Top of MATERIAL FOR THE TASK

lemma expectation_exp_bernoulli_sum:
  fixes Y :: "'i \<Rightarrow> 'a \<Rightarrow> real" and q :: real
  assumes "finite I" and indep: "indep_vars (\<lambda>_. borel) Y I"
    and zero_one: "\<And>i \<omega>. i \<in> I \<Longrightarrow> \<omega> \<in> space M \<Longrightarrow> Y i \<omega> \<in> {0, 1}"
    and mean: "\<And>i. i \<in> I \<Longrightarrow> expectation (Y i) = q"
  shows "integrable M (\<lambda>\<omega>. exp (l * (\<Sum>i\<in>I. Y i \<omega>)))"
    and "expectation (\<lambda>\<omega>. exp (l * (\<Sum>i\<in>I. Y i \<omega>))) = (1 + q * (exp l - 1)) ^ card I"
proof -
  have exp_sum: "exp (l * (\<Sum>i\<in>I. Y i \<omega>)) = (\<Prod>i\<in>I. exp (l * Y i \<omega>))" for \<omega>
    by (simp add: sum_distrib_left exp_sum \<open>finite I\<close>)
  have indep_exp: "indep_vars (\<lambda>_. borel) (\<lambda>i \<omega>. exp (l * Y i \<omega>)) I"
    using indep_vars_compose2[OF indep, of "\<lambda>i x. exp (l * x)" "\<lambda>_. borel"] by simp
  have Y_integrable: "integrable M (Y i)" if "i \<in> I" for i
  proof (rule integrable_const_bound[where B=1])
    show "AE \<omega> in M. norm (Y i \<omega>) \<le> 1"
      using zero_one[OF that] by (intro AE_I2) fastforce
    show "Y i \<in> borel_measurable M"
      using indep that unfolding indep_vars_def2 by auto
  qed
  have exp_affine: "AE \<omega> in M. exp (l * Y i \<omega>) = 1 + (exp l - 1) * Y i \<omega>" if "i \<in> I" for i
    using zero_one[OF that] by (intro AE_I2) fastforce
  have exp_integrable: "integrable M (\<lambda>\<omega>. exp (l * Y i \<omega>))" if "i \<in> I" for i
    using integrable_cong_AE_imp[OF _ _ AE_symmetric[OF exp_affine[OF that]]] Y_integrable[OF that]
    by (simp add: indep_vars_def2)
  show "integrable M (\<lambda>\<omega>. exp (l * (\<Sum>i\<in>I. Y i \<omega>)))"
    unfolding exp_sum by (rule indep_vars_integrable[OF \<open>finite I\<close> indep_exp exp_integrable])
  have "expectation (\<lambda>\<omega>. exp (l * Y i \<omega>)) = 1 + q * (exp l - 1)" if "i \<in> I" for i
    using integral_cong_AE[OF _ _ exp_affine[OF that]] Y_integrable[OF that] mean[OF that]
    by (simp add: algebra_simps prob_space)
  then show "expectation (\<lambda>\<omega>. exp (l * (\<Sum>i\<in>I. Y i \<omega>))) = (1 + q * (exp l - 1)) ^ card I"
    unfolding exp_sum using indep_vars_lebesgue_integral[OF \<open>finite I\<close> indep_exp] exp_integrable
    by simp
qed

lemma bernoulli_sum_exp_tail:
  fixes Y :: "'i \<Rightarrow> 'a \<Rightarrow> real" and q :: real
  assumes "finite I" and "indep_vars (\<lambda>_. borel) Y I"
    and "\<And>i \<omega>. i \<in> I \<Longrightarrow> \<omega> \<in> space M \<Longrightarrow> Y i \<omega> \<in> {0, 1}"
    and "\<And>i. i \<in> I \<Longrightarrow> expectation (Y i) = q"
    and "0 \<le> q" "q \<le> 1"
  shows "prob {\<omega> \<in> space M. a \<le> l * (\<Sum>i\<in>I. Y i \<omega>)} \<le> exp (card I * q * (exp l - 1) - a)"
proof -
  note mgf = expectation_exp_bernoulli_sum[OF assms(1-4), of l]
  have "prob {\<omega> \<in> space M. a \<le> l * (\<Sum>i\<in>I. Y i \<omega>)}
      = prob {\<omega> \<in> space M. exp a \<le> exp (l * (\<Sum>i\<in>I. Y i \<omega>))}"
    by simp
  also have "\<dots> \<le> expectation (\<lambda>\<omega>. exp (l * (\<Sum>i\<in>I. Y i \<omega>))) / exp a"
    by (rule integral_Markov_inequality_measure[OF mgf(1), where A = "space M"]) auto
  also have "\<dots> = (1 + q * (exp l - 1)) ^ card I / exp a"
    using mgf(2) by simp
  also have "\<dots> \<le> exp (q * (exp l - 1)) ^ card I / exp a"
  proof (intro divide_right_mono power_mono exp_ge_add_one_self)
    have "0 \<le> (1 - q) + q * exp l"
      using assms(5,6) by (intro add_nonneg_nonneg) auto
    then show "0 \<le> 1 + q * (exp l - 1)"
      by (simp add: algebra_simps)
  qed simp
  also have "\<dots> = exp (card I * q * (exp l - 1) - a)"
    by (simp add: exp_diff exp_of_nat_mult[symmetric] mult.assoc)
  finally show ?thesis .
qed

text \<open>Both tails are estimated by the exponential Markov inequality with parameter \<open>\<plusminus>t/2\<close>.\<close>

lemma chernoff_bernoulli_sum:
  fixes Y :: "'i \<Rightarrow> 'a \<Rightarrow> real" and q :: real
  assumes "finite I" and "indep_vars (\<lambda>_. borel) Y I"
    and "\<And>i \<omega>. i \<in> I \<Longrightarrow> \<omega> \<in> space M \<Longrightarrow> Y i \<omega> \<in> {0, 1}"
    and "\<And>i. i \<in> I \<Longrightarrow> expectation (Y i) = q"
    and q: "0 \<le> q" "q \<le> 1" and t: "0 < t" "t \<le> 1"
  shows "prob {\<omega> \<in> space M. t * (card I * q) < \<bar>(\<Sum>i\<in>I. Y i \<omega>) - card I * q\<bar>}
      \<le> 2 * exp (- (card I * q * t\<^sup>2 / 4))"
proof -
  define \<mu> where "\<mu> = card I * q"
  define S where "S = (\<lambda>\<omega>. \<Sum>i\<in>I. Y i \<omega>)"
  define l where "l = t / 2"
  have \<mu>: "0 \<le> \<mu>" and l: "0 < l" "l \<le> 1"
    using q t by (auto simp: \<mu>_def l_def)
  have S_measurable[measurable]: "S \<in> borel_measurable M"
    using assms(2) unfolding S_def indep_vars_def2 by (intro borel_measurable_sum) auto
  note tail = bernoulli_sum_exp_tail[OF assms(1-4) q, folded \<mu>_def]
  have upper: "prob {\<omega> \<in> space M. (1 + t) * \<mu> \<le> S \<omega>} \<le> exp (- (\<mu> * t\<^sup>2 / 4))"
  proof -
    have "\<mu> * (exp l - 1) \<le> \<mu> * (l + l\<^sup>2)"
      using exp_bound[of l] l \<mu> by (intro mult_left_mono) auto
    then have "\<mu> * (exp l - 1) - l * ((1 + t) * \<mu>) \<le> - (\<mu> * t\<^sup>2 / 4)"
      by (simp add: l_def power2_eq_square field_simps)
    then show ?thesis
      using order_trans[OF tail[of "l * ((1 + t) * \<mu>)" l]] l unfolding S_def by simp
  qed
  have lower: "prob {\<omega> \<in> space M. S \<omega> \<le> (1 - t) * \<mu>} \<le> exp (- (\<mu> * t\<^sup>2 / 4))"
  proof -
    have "\<mu> * (exp (- l) - 1) \<le> \<mu> * (- l + l\<^sup>2)"
      using exp_minus_le_quadratic[of l] l \<mu> by (intro mult_left_mono) auto
    then have "\<mu> * (exp (- l) - 1) - (- l) * ((1 - t) * \<mu>) \<le> - (\<mu> * t\<^sup>2 / 4)"
      by (simp add: l_def power2_eq_square field_simps)
    then show ?thesis
      using order_trans[OF tail[of "(- l) * ((1 - t) * \<mu>)" "- l"]] l unfolding S_def by simp
  qed
  have "{\<omega> \<in> space M. t * \<mu> < \<bar>S \<omega> - \<mu>\<bar>}
      \<subseteq> {\<omega> \<in> space M. (1 + t) * \<mu> \<le> S \<omega>} \<union> {\<omega> \<in> space M. S \<omega> \<le> (1 - t) * \<mu>}"
    by (auto simp: algebra_simps abs_if)
  then have "prob {\<omega> \<in> space M. t * \<mu> < \<bar>S \<omega> - \<mu>\<bar>}
      \<le> prob {\<omega> \<in> space M. (1 + t) * \<mu> \<le> S \<omega>} + prob {\<omega> \<in> space M. S \<omega> \<le> (1 - t) * \<mu>}"
    by (intro order_trans[OF finite_measure_mono measure_Un_le]) auto
  then show ?thesis
    using upper lower unfolding \<mu>_def S_def by simp
qed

Bottom of MATERIAL FOR THE TASK

◆ WORK TO BE COMPLETED ◆
All lines containing "assms" in the material above should appear in your reply, copied exactly.

◆ SOLUTION FOR THIS PROBLEM ◆
  note mgf = expectation_exp_bernoulli_sum[OF assms(1-4), of l]
      using assms(5,6) by (intro add_nonneg_nonneg) auto
    using assms(2) unfolding S_def indep_vars_def2 by (intro borel_measurable_sum) auto
  note tail = bernoulli_sum_exp_tail[OF assms(1-4) q, folded \<mu>_def]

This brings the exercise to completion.